▽

lemma Delta_power_minus_one:
  assumes "is_unit (x::'a::ring_1)" and "x - 1 \<in> Delta"
  shows "x ^ n - 1 \<in> Delta"
proof (induction n)
  case 0
  then show ?case by (simp add: Delta_zero)
next
  case (Suc n)
  have "x ^ Suc n - 1 = x * (x ^ n - 1) + (x - 1)" by (simp add: algebra_simps)
  then show ?case using Delta_add[OF Delta_unit_mult[OF assms(1) Suc] assms(2)] by metis
qed

lemma sum_powers_mult_one_minus:
  "(\<Sum>i<n. (x::'a::ring_1) ^ i) * (1 - x) = 1 - x ^ n"
proof (induction n)
  case 0
  then show ?case by simp
next
  case (Suc n)
  have "(\<Sum>i<Suc n. x ^ i) * (1 - x) = (\<Sum>i<n. x ^ i) * (1 - x) + x ^ n * (1 - x)"
    by (simp add: distrib_right)
  also have "\<dots> = 1 - x ^ Suc n"
    using Suc by (simp add: right_diff_distrib power_commutes)
  finally show ?case .
qed

lemma numeral_factor_if_annihilated_by_unit_plus_multiple:
  assumes "is_unit (w::'a::ring_1)" and "(w + numeral c * z) * a = 0"
  shows "\<exists>q. a = numeral c * q"
proof -
  obtain w' where w': "w' * w = 1" using assms(1) unfolding is_unit_def by blast
  have wa: "w * a = - (numeral c * z * a)"
    using assms(2) by (simp add: distrib_right eq_neg_iff_add_eq_0)
  have "a = w' * (w * a)" by (simp add: mult.assoc[symmetric] w')
  also have "\<dots> = - (w' * numeral c * (z * a))"
    unfolding wa by (simp add: mult.assoc)
  also have "\<dots> = numeral c * - (w' * z * a)"
    by (simp add: numeral_mult_commute[of c w', symmetric] mult.assoc)
  finally show ?thesis ..
qed

lemma DT_unit_decomp:
  assumes "DT_ring TYPE('a::ring_1)" and "is_unit (u::'a)"
  obtains e d where "e * e = 1" and "d \<in> Delta" and "u = e + d"
proof -
  obtain e d where ed: "e \<in> Tr" "d \<in> Delta" "u = e + d"
    using assms(1) unfolding DT_ring_def by blast
  have "is_unit (- d + u)" using ed(2) assms(2) by (intro Delta_add_unit Delta_uminus)
  then obtain e' where e': "e' * e = 1" using ed(3) unfolding is_unit_def by auto
  have "e * e * e = e" using ed(1) unfolding Tr_def by (simp add: power3_eq_cube)
  then have "e * e = 1" by (metis e' mult.assoc mult_1_left)
  then show ?thesis using that ed by blast
qed

lemma DT_square_minus_one_Delta:
  assumes "DT_ring TYPE('a::ring_1)" and "is_unit (u::'a)"
  shows "u * u - 1 \<in> Delta"
proof -
  obtain e d where ed: "e * e = 1" "d \<in> Delta" "u = e + d"
    using DT_unit_decomp[OF assms] .
  have "is_unit e" using ed(1) unfolding is_unit_def by blast
  then have "d * e + u * d \<in> Delta" using assms(2) ed(2) by (intro Delta_add Delta_mult_unit Delta_unit_mult)
  moreover have "u * u - 1 = d * e + u * d" by (simp add: ed(3) algebra_simps ed(1))
  ultimately show ?thesis by simp
qed

lemma DT_central_Delta:
  assumes "DT_ring TYPE('a::ring_1)" and "\<And>x. c * x = x * c" and "is_unit (c * c - 1)"
  shows "(c::'a) \<in> Delta"
  unfolding Delta_def
proof (intro CollectI allI impI)
  fix u :: 'a
  assume "is_unit u"
  then obtain e d where ed: "e * e = 1" "d \<in> Delta" "u = e + d"
    using DT_unit_decomp[OF assms(1)] by blast
  have "(c + e) * (c - e) = c * c - 1" "(c - e) * (c + e) = c * c - 1"
    by (simp_all add: algebra_simps assms(2)[of e] ed(1))
  then have "is_unit (c + e)" using assms(3) by (metis is_unit_factor_if_products_unit)
  then have "is_unit (d + (c + e))" by (rule Delta_add_unit[OF ed(2)])
  then show "is_unit (c + u)" by (simp add: ed(3) algebra_simps)
qed

lemma one_minus_eq_two_mult_if_odd_order:
  assumes "(x::'a::ring_1) - 1 \<in> Delta" and "x ^ (2 * m + 1) = 1"
  shows "\<exists>q. 1 - x = 2 * q"
proof -
  have D: "x ^ i - 1 \<in> Delta" for i
    using assms by (intro Delta_power_minus_one is_unit_if_power_eq_one) auto
  txt \<open>\<open>w = 1 - x + x\<^sup>2 - \<dots> + x\<^bsup>2m\<^esup>\<close> is congruent to \<open>1\<close> modulo \<open>\<Delta>\<close>, and \<open>w + 2 z\<close> is the
    geometric sum, which annihilates \<open>1 - x\<close>.\<close>
  define z where "z = (\<Sum>j<m. x ^ (2 * j + 1))"
  define w where "w = (\<Sum>i<2 * m + 1. x ^ i) - 2 * z"
  have "w - 1 \<in> Delta"
    unfolding w_def z_def
  proof (induction m)
    case 0
    then show ?case by (simp add: Delta_zero)
  next
    case (Suc m)
    have "(\<Sum>i<2 * Suc m + 1. x ^ i) - 2 * (\<Sum>j<Suc m. x ^ (2 * j + 1)) - 1
        = ((\<Sum>i<2 * m + 1. x ^ i) - 2 * (\<Sum>j<m. x ^ (2 * j + 1)) - 1)
          + ((x ^ (2 * m + 2) - 1) - (x ^ (2 * m + 1) - 1))"
      by (simp add: algebra_simps numeral_2_eq_2 mult_2)
    then show ?case using Suc D by (metis Delta_add Delta_diff)
  qed
  then have "is_unit w" using Delta_add_unit[OF _ is_unit_one] by fastforce
  moreover have "(w + 2 * z) * (1 - x) = 0"
    using sum_powers_mult_one_minus[of x "2 * m + 1"] assms(2) by (simp add: w_def)
  ultimately show ?thesis by (rule numeral_factor_if_annihilated_by_unit_plus_multiple)
qed

lemma one_minus_eq_three_mult_if_involution:
  assumes "(x::'a::ring_1) * x = 1" and "x - 1 \<in> Delta"
  shows "\<exists>q. 1 - x = 3 * q"
proof -
  txt \<open>\<open>1 - 2x = -1 - 2(x - 1)\<close> is a unit, and \<open>(1 - 2x) + 3x = 1 + x\<close> annihilates \<open>1 - x\<close>.\<close>
  have "- ((x - 1) + (x - 1)) \<in> Delta"
    using assms(2) by (intro Delta_uminus Delta_add)
  from Delta_add_unit[OF this is_unit_minus[OF is_unit_one]]
  have "is_unit (1 - (x + x))" by (simp add: algebra_simps)
  moreover have "(1 - (x + x) + 3 * x) * (1 - x) = 0"
  proof -
    have "(3::'a) = 1 + 1 + 1" by simp
    then have "1 - (x + x) + 3 * x = 1 + x" by (simp only: distrib_right mult_1_left) simp
    then show ?thesis using assms(1) by (simp add: algebra_simps)
  qed
  ultimately show ?thesis by (rule numeral_factor_if_annihilated_by_unit_plus_multiple)
qed

lemma power_eq_one_Delta_two_or_three_mult:
  assumes "(x::'a::ring_1) - 1 \<in> Delta" and "x ^ n = 1" and "0 < n" and "x \<noteq> 1"
  shows "\<exists>m. x ^ m \<noteq> 1 \<and> ((\<exists>q. 1 - x ^ m = 2 * q) \<or> (\<exists>q. 1 - x ^ m = 3 * q))"
proof -
  define N where "N = (LEAST n. 0 < n \<and> x ^ n = 1)"
  have N: "0 < N" "x ^ N = 1" using LeastI[of "\<lambda>n. 0 < n \<and> x ^ n = 1"] assms(2,3) N_def by auto
  show ?thesis
  proof (cases "odd N")
    case True
    then obtain m where "N = 2 * m + 1" by (rule oddE)
    then have "\<exists>q. 1 - x = 2 * q" using one_minus_eq_two_mult_if_odd_order assms(1) N(2) by blast
    then show ?thesis using assms(4) by (intro exI[of _ 1]) simp
  next
    case False
    then obtain m where m: "N = 2 * m" by (auto elim: evenE)
    then have "x ^ m \<noteq> 1"
      using not_less_Least[of m "\<lambda>n. 0 < n \<and> x ^ n = 1"] N(1) N_def by auto
    moreover have "x ^ m * x ^ m = 1" using N(2) m by (simp add: power_add[symmetric] mult_2)
    moreover have "x ^ m - 1 \<in> Delta"
      using assms(1) N by (intro Delta_power_minus_one is_unit_if_power_eq_one)
    ultimately show ?thesis using one_minus_eq_three_mult_if_involution by blast
  qed
qed

lemma lookup_single_mult:
  fixes y :: "'g::group_add \<Rightarrow>\<^sub>0 'r::ring_1"
  shows "Poly_Mapping.lookup (Poly_Mapping.single a c * y) (a + x) = c * Poly_Mapping.lookup y x"
proof -
  have "Poly_Mapping.lookup (Poly_Mapping.single a c * y) (a + x)
      = (\<Sum>l. (c * (\<Sum>q. Poly_Mapping.lookup y q when a + x = l + q)) when a = l)"
    by (simp add: lookup_mult lookup_single when_mult)
  also have "\<dots> = c * (\<Sum>q. Poly_Mapping.lookup y q when x = q)"
    by simp
  finally show ?thesis by simp
qed

lemma lookup_mult_single:
  fixes y :: "'g::group_add \<Rightarrow>\<^sub>0 'r::ring_1"
  shows "Poly_Mapping.lookup (y * Poly_Mapping.single a c) (x + a) = Poly_Mapping.lookup y x * c"
proof -
  have inner: "(\<Sum>q. (c when a = q) when x + a = l + q) = (c when l = x)" for l
  proof -
    have "(\<Sum>q. (c when a = q) when x + a = l + q) = (\<Sum>q. (c when x + a = l + a) when a = q)"
      by (rule Sum_any.cong) (auto simp: when_def)
    then show ?thesis by (auto simp: when_def)
  qed
  have "Poly_Mapping.lookup (y * Poly_Mapping.single a c) (x + a)
      = (\<Sum>l. Poly_Mapping.lookup y l * c when l = x)"
    by (simp only: lookup_mult lookup_single inner mult_when)
  then show ?thesis by simp
qed

lemma lookup_single_one_mult:
  fixes y :: "'g::group_add \<Rightarrow>\<^sub>0 'r::ring_1"
  shows "Poly_Mapping.lookup (Poly_Mapping.single h 1 * y) x = Poly_Mapping.lookup y (- h + x)"
  using lookup_single_mult[of h 1 y "- h + x"] by (simp add: add.assoc[symmetric])

lemma is_unit_single_zero_iff:
  "is_unit (Poly_Mapping.single (0::'g::group_add) w) \<longleftrightarrow> is_unit (w::'r::ring_1)"
proof
  assume "is_unit (Poly_Mapping.single (0::'g) w)"
  then obtain y where "Poly_Mapping.single (0::'g) w * y = 1" "y * Poly_Mapping.single 0 w = 1"
    unfolding is_unit_def by blast
  then have "w * Poly_Mapping.lookup y 0 = 1" "Poly_Mapping.lookup y 0 * w = 1"
    using lookup_single_mult[of 0 w y 0] lookup_mult_single[of y 0 w 0] by simp_all
  then show "is_unit w" by (rule is_unit_if_left_and_right_inverse)
next
  assume "is_unit w"
  then obtain w' where "w * w' = 1" "w' * w = 1" unfolding is_unit_def by blast
  then have "Poly_Mapping.single (0::'g) w * Poly_Mapping.single 0 w' = 1"
    and "Poly_Mapping.single (0::'g) w' * Poly_Mapping.single 0 w = 1"
    by (simp_all add: mult_single)
  then show "is_unit (Poly_Mapping.single (0::'g) w)" unfolding is_unit_def by blast
qed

△

_Problem requirements_
Every line above that holds the string "lambda" should be returned.

_Answer to the exercise_
  have N: "0 < N" "x ^ N = 1" using LeastI[of "\<lambda>n. 0 < n \<and> x ^ n = 1"] assms(2,3) N_def by auto
      using not_less_Least[of m "\<lambda>n. 0 < n \<and> x ^ n = 1"] N(1) N_def by auto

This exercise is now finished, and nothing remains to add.